[Opening Exercise material section]

(* Let $n\ge 2$ and let $\rho$ be an $n$-qubit state. Then $L(\rho)=1$ if and only if there exists $j\in[n]$ such that $\mathrm{rank}\,\rho_{\{i\}}=1$ for all $i\in[n]\setminus\{j\}$ (i.e. at most one single-qubit marginal of $\rho$ is not pure).
   Context: Let $[n]=\{1,\dots,n\}$, $\mathcal H_{[n]}=(\mathbb C^2)^{\otimes n}$; for $S\subseteq[n]$, $\rho_S$ is the partial trace over qubits outside $S$. $\mathcal C(\rho,\mathcal S)=\{\sigma\text{ density matrix on }\mathcal H_{[n]}:\sigma_S=\rho_S\ \forall S\in\mathcal S\}$; a collection $\mathcal S$ of subsets of $[n]$ determines $\rho$ if $\mathcal C(\rho,\mathcal S)=\{\rho\}$. $L(\rho)=\min_{\mathcal S\text{ determines }\rho}\max_{S\in\mathcal S}|S|$. *)

theory Defs
  imports Complex_Main "Jordan_Normal_Form.DL_Rank"
begin

(* Computational basis of the qubits in a set T of qubit labels:
   a basis state is a bit assignment x :: nat => bool with x k = False
   for every k outside T (qubit k is in state |1> iff x k). *)
definition cfgs :: "nat set \<Rightarrow> (nat \<Rightarrow> bool) set" where
  "cfgs T = {x. \<forall>k. x k \<longrightarrow> k \<in> T}"

(* An operator on H_T is a function of (row basis state, column basis state);
   an n-qubit operator is one on H_[n], [n] = {1..n}, and we require it to vanish
   outside the basis of H_[n] so that equality of operators is equality of functions. *)
type_synonym op = "(nat \<Rightarrow> bool) \<Rightarrow> (nat \<Rightarrow> bool) \<Rightarrow> complex"

definition qubits :: "nat \<Rightarrow> nat set" where
  "qubits n = {1..n}"

definition density_matrix :: "nat \<Rightarrow> op \<Rightarrow> bool" where
  "density_matrix n \<rho> \<longleftrightarrow>
     (\<forall>x y. x \<notin> cfgs (qubits n) \<or> y \<notin> cfgs (qubits n) \<longrightarrow> \<rho> x y = 0) \<and>
     (\<forall>v :: (nat \<Rightarrow> bool) \<Rightarrow> complex.
        (let q = (\<Sum>x\<in>cfgs (qubits n). \<Sum>y\<in>cfgs (qubits n). cnj (v x) * \<rho> x y * v y)
         in Im q = 0 \<and> Re q \<ge> 0)) \<and>
     (\<Sum>x\<in>cfgs (qubits n). \<rho> x x) = 1"

definition marginal :: "nat \<Rightarrow> op \<Rightarrow> nat set \<Rightarrow> op" where
  "marginal n \<rho> S = (\<lambda>x y.
     if x \<in> cfgs S \<and> y \<in> cfgs S
     then (\<Sum>z\<in>cfgs (qubits n - S). \<rho> (\<lambda>k. x k \<or> z k) (\<lambda>k. y k \<or> z k))
     else 0)"

definition compatible :: "nat \<Rightarrow> op \<Rightarrow> nat set set \<Rightarrow> op set" where
  "compatible n \<rho> SS = {\<sigma>. density_matrix n \<sigma> \<and> (\<forall>S\<in>SS. marginal n \<sigma> S = marginal n \<rho> S)}"

definition determines :: "nat \<Rightarrow> nat set set \<Rightarrow> op \<Rightarrow> bool" where
  "determines n SS \<rho> \<longleftrightarrow> (\<forall>S\<in>SS. S \<subseteq> qubits n) \<and> compatible n \<rho> SS = {\<rho>}"

definition L :: "nat \<Rightarrow> op \<Rightarrow> nat" where
  "L n \<rho> = (LEAST k. \<exists>SS. determines n SS \<rho> \<and> (\<forall>S\<in>SS. card S \<le> k))"

definition qubit_basis :: "nat \<Rightarrow> nat \<Rightarrow> (nat \<Rightarrow> bool)" where
  "qubit_basis i a = (\<lambda>k. k = i \<and> a = 1)"

definition single_marginal :: "nat \<Rightarrow> op \<Rightarrow> nat \<Rightarrow> complex mat" where
  "single_marginal n \<rho> i =
     mat 2 2 (\<lambda>(a, b). marginal n \<rho> {i} (qubit_basis i a) (qubit_basis i b))"

end

theory Submission
  imports Defs "Jordan_Normal_Form.DL_Rank_Submatrix"
begin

[Closing Exercise material section]

▸ Aim of the exercise:
Count how many lines in the data above hold "state", and give that number by itself.

▸ Output of the task:
4